Sebagai tersangka, keduanya disangkakan pasal 2 ayat (1) atau pasal 3 jo pasal 18 UU Nomor 31 Tahun 1999 tentang Pemberantasan Tindak Pidana Korupsi. Sebagaimana telah diubah dengan UU Nomor 20 Tahun 2001 tentang Perubahan Atas UU Nomor 31 Tahun 1999 tentang pemberantasan Tindak Pidana Korupsi jo Pasal 55 ayat (1) ke-1 KUHP.

“Tersangka sudah ditahan di Lapas Mataram dan sudah sudah diperpanjang selama 40 hari kedepan,” ujarnya.

Untuk diketahui, kasus ini sebelumnya ditangani Kejati NTB atas adanya laporan masyarakat, terutama para petani yang menjadi korban pengajuan KUR fiktif di BNI. Permasalahannya yaitu para petani kesulitan untuk mendapatkan akses pinjaman di bank. Hal tersebut disebabkan karena para petani telah tercatat namanya sebagai penerima pinjaman KUR di BNI. Padahal para petani sama sekali tidak pernah menerima dana KUR tersebut.
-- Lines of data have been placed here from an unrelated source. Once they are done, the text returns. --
(* Let $f\colon\mathbb{R}^n\to\mathbb{R}$ be $f(x)=x^\top Ax+b^\top x+c$ with $A\in\mathbb{R}^{n\times n}$ symmetric, $b\in\mathbb{R}^n$, $c\in\mathbb{R}$. Then the approximately Gaussian replicator flow (AGRF) under $f$ is given by $$\dot m(t)=-2C(t)Am(t)-C(t)b,\qquad \dot C(t)=-2C(t)AC(t);$$ that is, for every $m\in\mathbb{R}^n$ and every symmetric positive semidefinite $C\in\mathbb{R}^{n\times n}$, the right-hand sides of the AGRF system evaluated at $(m,C)$ equal $-2CAm-Cb$ and $-2CAC$ respectively.
   Context: An approximately Gaussian replicator flow (AGRF) under $f$ is a solution $(m,C)\colon[0,\infty)\to\mathbb{R}^n\times\mathbb{R}^{n\times n}$ of the ODE system, for all $i,j\in\{1,\dots,n\}$, writing $\mathbb{E}$ for expectation over $x\sim\mathcal{N}(m(t),C(t))$ (Gaussian with mean $m(t)$, covariance $C(t)$): $$\dot m_i=m_i\,\mathbb{E}[f(x)]-\mathbb{E}[x_if(x)],$$ $$\dot C_{ij}=(C_{ij}-m_im_j)\mathbb{E}[f(x)]-\mathbb{E}[x_ix_jf(x)]+m_i\mathbb{E}[x_jf(x)]+m_j\mathbb{E}[x_if(x)].$$ *)

theory Defs
  imports "HOL-Analysis.Analysis" "HOL-Probability.Probability"
begin

definition std_gaussian :: "(real^'n) measure" where
  "std_gaussian = density lborel (\<lambda>z. ennreal (\<Prod>i\<in>UNIV. std_normal_density (z $ i)))"

text \<open>Gaussian N(m,C): law of m + S z with z standard Gaussian and S S^T = C
  (for symmetric positive semidefinite C such S exists; the law does not depend on the choice).\<close>
definition gaussian :: "real^'n \<Rightarrow> real^'n^'n \<Rightarrow> (real^'n) measure" where
  "gaussian m C = distr std_gaussian borel
     (\<lambda>z. m + (SOME S :: real^'n^'n. S ** transpose S = C) *v z)"

definition gexp :: "real^'n \<Rightarrow> real^'n^'n \<Rightarrow> (real^'n \<Rightarrow> real) \<Rightarrow> real" where
  "gexp m C g = integral\<^sup>L (gaussian m C) g"

definition agrf_m_rhs :: "(real^'n \<Rightarrow> real) \<Rightarrow> real^'n \<Rightarrow> real^'n^'n \<Rightarrow> real^'n" where
  "agrf_m_rhs f m C = (\<chi> i. m $ i * gexp m C f - gexp m C (\<lambda>x. x $ i * f x))"

definition agrf_C_rhs :: "(real^'n \<Rightarrow> real) \<Rightarrow> real^'n \<Rightarrow> real^'n^'n \<Rightarrow> real^'n^'n" where
  "agrf_C_rhs f m C = (\<chi> i j. (C $ i $ j - m $ i * m $ j) * gexp m C f
      - gexp m C (\<lambda>x. x $ i * x $ j * f x)
      + m $ i * gexp m C (\<lambda>x. x $ j * f x) + m $ j * gexp m C (\<lambda>x. x $ i * f x))"

definition psd :: "real^'n^'n \<Rightarrow> bool" where
  "psd C \<longleftrightarrow> transpose C = C \<and> (\<forall>v. 0 \<le> v \<bullet> (C *v v))"

end

(* A Gaussian N(m, C) is the law of x = m + S z for a standard Gaussian vector z and any S with
   S S^T = C; for positive semidefinite C such an S exists, its rows being Gram vectors of C that are
   constructed one index at a time.  For quadratic f, f (m + S z) is a quadratic polynomial in z, so
   the expectations in the AGRF only involve the moments of z up to order four: odd moments vanish,
   E z_i z_j = delta_ij, and E z_i z_j z_k z_l = delta_ij delta_kl + delta_ik delta_jl + delta_il delta_jk
   (Isserlis).  With g = 2 A m + b this gives E[x_i f] = m_i E f + (C g)_i and
   E[x_i x_j f] = (m_i m_j + C_ij) E f + m_i (C g)_j + m_j (C g)_i + 2 (C A C)_ij,
   and in the AGRF right-hand sides everything cancels except - C g and - 2 C A C. *)

theory Submission
  imports Defs
begin

lemma symmetric_matrix_inner_commute:
  fixes M :: "real^'n::finite^'n"
  assumes "transpose M = M"
  shows "v \<bullet> (M *v u) = u \<bullet> (M *v v)"
  by (metis assms dot_lmul_matrix inner_commute transpose_matrix_vector)

lemma axis_nth_eq: "axis i x $ j = (if j = i then x else 0)"
  by (simp add: axis_def)

lemma matrix_vector_mult_axis_nth: "((M::real^'n::finite^'m) *v axis j 1) $ i = M $ i $ j"
  by (simp add: matrix_vector_mult_basis column_def)

lemma matrix_vector_mult_nth_eq_inner:
  fixes S :: "real^'n::finite^'m::finite"
  shows "(S *v z) $ k = (axis k 1 v* S) \<bullet> z"
  by (simp add: dot_lmul_matrix inner_axis')

lemma matrix_vector_mult_vector_matrix_mult:
  fixes S :: "real^'n::finite^'m::finite"
  shows "S *v (v v* S) = (S ** transpose S) *v v"
  by (simp add: matrix_vector_mul_assoc flip: transpose_matrix_vector)

lemma inner_vector_matrix_mult:
  fixes S :: "real^'n::finite^'m::finite"
  shows "(u v* S) \<bullet> (v v* S) = u \<bullet> ((S ** transpose S) *v v)"
  by (simp only: dot_lmul_matrix matrix_vector_mult_vector_matrix_mult)

lemma quadratic_form_congruence:
  fixes A :: "real^'m::finite^'m" and S :: "real^'n::finite^'m"
  shows "(S *v z) \<bullet> (A *v (S *v z)) = z \<bullet> ((transpose S ** A ** S) *v z)"
proof -
  have "(transpose S ** A ** S) *v z = (A *v (S *v z)) v* S"
    by (simp add: matrix_vector_mul_assoc[symmetric])
  then have "z \<bullet> ((transpose S ** A ** S) *v z) = (A *v (S *v z)) \<bullet> (S *v z)"
    by (simp add: dot_lmul_matrix inner_commute[of z])
  then show ?thesis
    by (simp only: inner_commute[of "A *v (S *v z)"])
qed

lemma quadratic_shift:
  fixes A :: "real^'n::finite^'n"
  assumes "transpose A = A"
  shows "(m + y) \<bullet> (A *v (m + y)) + b \<bullet> (m + y) + c
    = (m \<bullet> (A *v m) + b \<bullet> m + c) + (2 *\<^sub>R (A *v m) + b) \<bullet> y + y \<bullet> (A *v y)"
proof -
  have sym: "m \<bullet> (A *v y) = y \<bullet> (A *v m)"
    by (rule symmetric_matrix_inner_commute[OF assms])
  have 1: "(m + y) \<bullet> (A *v (m + y)) = m \<bullet> (A *v m) + 2 * (y \<bullet> (A *v m)) + y \<bullet> (A *v y)"
    unfolding matrix_vector_right_distrib inner_add_left inner_add_right sym by simp
  have 2: "(2 *\<^sub>R (A *v m) + b) \<bullet> y = 2 * (y \<bullet> (A *v m)) + b \<bullet> y"
    by (simp add: inner_add_left inner_commute[of "A *v m"])
  have 3: "b \<bullet> (m + y) = b \<bullet> m + b \<bullet> y"
    by (rule inner_add_right)
  show ?thesis
    unfolding 1 2 3 by simp
qed

lemma inner_restrict_left:
  fixes a w :: "real^'n::finite"
  shows "(\<chi> k. if k \<in> I then a $ k else 0) \<bullet> w = (\<Sum>k\<in>I. a $ k * w $ k)"
proof -
  have "(\<chi> k. if k \<in> I then a $ k else 0) \<bullet> w = (\<Sum>k\<in>UNIV. if k \<in> I then a $ k * w $ k else 0)"
    unfolding inner_vec_def by (intro sum.cong) auto
  then show ?thesis
    by (simp add: sum.inter_restrict[symmetric])
qed

lemma inner_restrict_right:
  fixes a w :: "real^'n::finite"
  shows "w \<bullet> (\<chi> k. if k \<in> I then a $ k else 0) = (\<Sum>k\<in>I. w $ k * a $ k)"
  by (simp add: inner_commute[of w] inner_restrict_left mult.commute)

lemma orthogonal_ker_imp_range_representer:
  fixes R :: "'a::euclidean_space \<Rightarrow> 'b::euclidean_space"
  assumes "linear R" and "\<And>x. R x = 0 \<Longrightarrow> c \<bullet> x = 0"
  shows "\<exists>p\<in>range R. \<forall>x. p \<bullet> R x = c \<bullet> x"
proof -
  have "c \<in> (R -` {0})\<^sup>\<bottom>"
    using assms(2) by (auto simp: orthogonal_comp_def orthogonal_def inner_commute)
  also have "\<dots> = range (adjoint R)"
    using assms(1) by (simp add: ker_orthogonal_comp_adjoint orthogonal_comp_self
        adjoint_linear linear_subspace_image)
  finally obtain u where u: "c = adjoint R u"
    by auto
  obtain p q where "p \<in> span (range R)" and q: "\<And>w. w \<in> span (range R) \<Longrightarrow> orthogonal q w"
    and "u = p + q"
    using orthogonal_subspace_decomp_exists by blast
  have "span (range R) = range R"
    using assms(1) by (simp add: linear_subspace_image)
  with \<open>p \<in> span (range R)\<close> have "p \<in> range R"
    by simp
  moreover have "p \<bullet> R x = c \<bullet> x" for x
  proof -
    have "q \<bullet> R x = 0"
      using q[of "R x"] by (simp add: orthogonal_def span_base)
    then have "p \<bullet> R x = u \<bullet> R x"
      by (simp add: \<open>u = p + q\<close> inner_add_left)
    also have "\<dots> = c \<bullet> x"
      using adjoint_works[OF assms(1), of x u] by (simp add: u inner_commute)
    finally show ?thesis .
  qed
  ultimately show ?thesis
    by blast
qed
Total jumlah petani tembakau yang tercatat sebagai penerima KUR fiktif ini sekitar 460 orang. Sebagian besar adalah petani tembakau di Kecamatan Keruak dan Jerowaru. Dari jumlah tersebut total pinjaman KUR fiktif yang menjual nama petani ini mencapai Rp 16 miliar lebih.
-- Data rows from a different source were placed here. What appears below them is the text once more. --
lemma theta_pow_eq_one:
  assumes a: "a \<in> A"
  shows "theta a [^] (p ^ n) = \<one>"
proof -
  define S where "S = twisted_class_e G (\<lambda>z. a \<otimes> z \<otimes> inv a)"
  have S: "subgroup S G"
    unfolding S_def using twisted_class_subgroup conjugation_iso mem_carrier[OF a] by blast
  have S_fin: "finite S" unfolding S_def by (rule twisted_class_conj_finite[OF a])
  have card_S: "card S \<le> p ^ n" unfolding S_def by (rule twisted_class_conj_card[OF a])
  have theta_a: "theta a \<in> S" unfolding S_def by (rule theta_mem_twisted_class_conj[OF a])
  obtain m where m: "card A = p ^ m" using card_A by blast
  then have "card A > 0" using prime_gt_0_nat[OF prime] by simp
  then have "finite A" using card_gt_0_iff by blast
  then have "theta a [^] (p ^ m) = \<one>"
    using subgroup_pow_card_eq_one[OF subgroup_axioms _ theta_closed[OF a]] m by simp
  moreover have "theta a [^] card S = \<one>"
    using subgroup_pow_card_eq_one[OF S S_fin theta_a] .
  moreover have "0 < card S" using S_fin theta_a card_gt_0_iff by blast
  ultimately show ?thesis
    using pow_prime_power_eq_one[OF mem_carrier[OF theta_closed[OF a]] prime] card_S by blast
qed

lemma odd_p: "odd p"
  using prime p_gt_2 by (simp add: prime_odd_nat)

lemma pow_p_eq_one_imp_pow_q_eq_one:
  assumes "x \<in> carrier G" "x [^] p = \<one>"
  shows "x [^] (p ^ n) = \<one>" "x [^] (p ^ n choose 2) = \<one>"
proof -
  have q_mod: "p ^ n mod p = 0 mod p" using n_pos by (simp add: power_eq_if)
  show "x [^] (p ^ n) = \<one>" using nat_pow_eq_if_mod_eq[OF assms q_mod] by simp
  have "(p ^ n choose 2) mod p = 0 mod p"
    using choose_two_mod_odd[OF odd_p q_mod] by (simp add: numeral_2_eq_2)
  from nat_pow_eq_if_mod_eq[OF assms this] show "x [^] (p ^ n choose 2) = \<one>" by simp
qed

lemma twisted_automorphism_if_pow_p_eq_one:
  assumes "b \<in> A" "b [^] p = \<one>" "theta (theta b) = \<one>"
  shows "twisted_automorphism A G t (p ^ n) b"
proof -
  have "theta b [^] p = \<one>" using theta_nat_pow[OF assms(1), of p] assms(2) by simp
  then show ?thesis
    using assms theta_closed mem_carrier pow_p_eq_one_imp_pow_q_eq_one
    by (intro twisted_automorphism.intro abelian_by_cyclic_axioms twisted_automorphism_axioms.intro)
      auto
qed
Kasus ini bermula pada Agustus 2020. Ketika itu, Dirjen salah satu kementerian melakukan pertemuan dengan para petani di wilayah selatan Lombok Timur. Dalam pertemuan itu, Dirjen tersebut memberitahukan terkait adanya program KUR untuk para petani.
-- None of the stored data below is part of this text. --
lemma homogeneous_system_nontrivial_solution:
  fixes v :: "'b \<Rightarrow> 'i \<Rightarrow> real"
  assumes "finite J" "finite F" "card J < card F"
  shows "\<exists>a. (\<exists>p\<in>F. a p \<noteq> 0) \<and> (\<forall>i\<in>J. (\<Sum>p\<in>F. a p * v p i) = 0)"
  using assms
proof (induction J arbitrary: F v rule: finite_induct)
  case empty
  then obtain p where "p \<in> F"
    by fastforce
  then show ?case
    by (intro exI[of _ "\<lambda>_. 1"]) auto
next
  case (insert j J)
  show ?case
  proof (cases "\<forall>p\<in>F. v p j = 0")
    case True
    moreover obtain a where "\<exists>p\<in>F. a p \<noteq> 0" "\<forall>i\<in>J. (\<Sum>p\<in>F. a p * v p i) = 0"
      using insert.IH[of F v] insert.prems insert.hyps by auto
    ultimately show ?thesis
      by (intro exI[of _ a]) auto
  next
    case False
    then obtain p0 where p0: "p0 \<in> F" "v p0 j \<noteq> 0"
      by blast
    \<comment> \<open>Gaussian elimination: the pivot p0 clears the j-th equation\<close>
    define v' where "v' p i = v p i - v p j / v p0 j * v p0 i" for p i
    have "card J < card (F - {p0})"
      using insert.prems insert.hyps p0 by simp
    then obtain b where b: "\<exists>p\<in>F - {p0}. b p \<noteq> 0" "\<forall>i\<in>J. (\<Sum>p\<in>F - {p0}. b p * v' p i) = 0"
      using insert.IH[of "F - {p0}" v'] insert.prems by auto
    define a where "a = b(p0 := - (\<Sum>p\<in>F - {p0}. b p * v p j) / v p0 j)"
    have "(\<Sum>p\<in>F. a p * v p i) = (\<Sum>p\<in>F - {p0}. b p * v' p i)" for i
    proof -
      have "(\<Sum>p\<in>F. a p * v p i) = a p0 * v p0 i + (\<Sum>p\<in>F - {p0}. b p * v p i)"
        using p0 insert.prems by (simp add: sum.remove a_def)
      also have "\<dots> = (\<Sum>p\<in>F - {p0}. b p * v' p i)"
        using p0 by (simp add: a_def v'_def algebra_simps sum_subtractf sum_distrib_left
            sum_divide_distrib[symmetric] sum_distrib_right[symmetric])
      finally show ?thesis .
    qed
    moreover have "(\<Sum>p\<in>F - {p0}. b p * v' p j) = 0"
      using p0 by (simp add: v'_def)
    moreover have "\<exists>p\<in>F. a p \<noteq> 0"
      using b(1) by (auto simp: a_def)
    ultimately show ?thesis
      using b(2) by (intro exI[of _ a]) auto
  qed
qed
Informasi itu lalu ditindaklanjuti dengan pengajuan nama petani yang diusulkan mendapatkan kredit. Untuk petani jagung sekitar 622 orang yang tersebar di lima desa. Yang paling banyak adalah petani jagung di Desa Ekas Buana dan Sekaroh Kecamatan Jerowaru. Setiap petani dijanjikan pinjaman sebesar Rp 15 juta per hektare dengan total luas lahan mencapai 1.582 hektare.

Sementara petani tembakau yang tercatat sebagai penerima KUR ini sekitar 460 orang. Sebagian besar adalah petani tembakau di Kecamatan Keruak dan Jerowaru. Setiap petani dijanjikan dana KUR mulai Rp 30 juta sampai Rp 50 juta per orang.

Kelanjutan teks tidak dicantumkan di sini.